---------- Materials provided ----------

lemma prefix_lang_first_block:
  assumes "n > 0"
  shows "prefix_lang R n \<subseteq>
           (\<Union>r\<in>{r\<in>R. length r \<le> n}. (\<lambda>w. r @ w) ` prefix_lang R (n - length r))
           \<union> take n ` {r\<in>R. n < length r}"
proof
  fix w assume "w \<in> prefix_lang R n"
  then obtain ws where w: "length w = n" "set ws \<subseteq> R" "prefix w (concat ws)"
    by (auto simp: prefix_lang_def)
  then obtain r rest where ws: "ws = r # rest" using assms by (cases ws) auto
  have r: "r \<in> R" "set rest \<subseteq> R" using w ws by auto
  have split: "prefix w r \<or> (\<exists>us. w = r @ us \<and> prefix us (concat rest))"
    using w(3) ws by (simp add: prefix_append)
  show "w \<in> (\<Union>r\<in>{r\<in>R. length r \<le> n}. (\<lambda>w. r @ w) ` prefix_lang R (n - length r))
            \<union> take n ` {r\<in>R. n < length r}"
  proof (cases "length r \<le> n")
    case True
    have "w = r" if "prefix w r"
      using that True w(1) by (metis prefix_length_le prefix_length_prefix prefix_order.antisym prefix_order.refl le_antisym)
    then obtain us where us: "w = r @ us" "prefix us (concat rest)"
      using split by (metis append_Nil2 Nil_prefix)
    then have "us \<in> prefix_lang R (n - length r)" using w(1) r by (auto simp: prefix_lang_def)
    then show ?thesis using us r True by force
  next
    case False
    with split w(1) have "w = take n r" by (auto simp: prefix_def)
    then show ?thesis using r False by force
  qed
qed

----------

Task description>
For this exercise, gather every line of the data that contains the word "obtain".

Solution to this task>
  then obtain ws where w: "length w = n" "set ws \<subseteq> R" "prefix w (concat ws)"
  then obtain r rest where ws: "ws = r # rest" using assms by (cases ws) auto
    then obtain us where us: "w = r @ us" "prefix us (concat rest)"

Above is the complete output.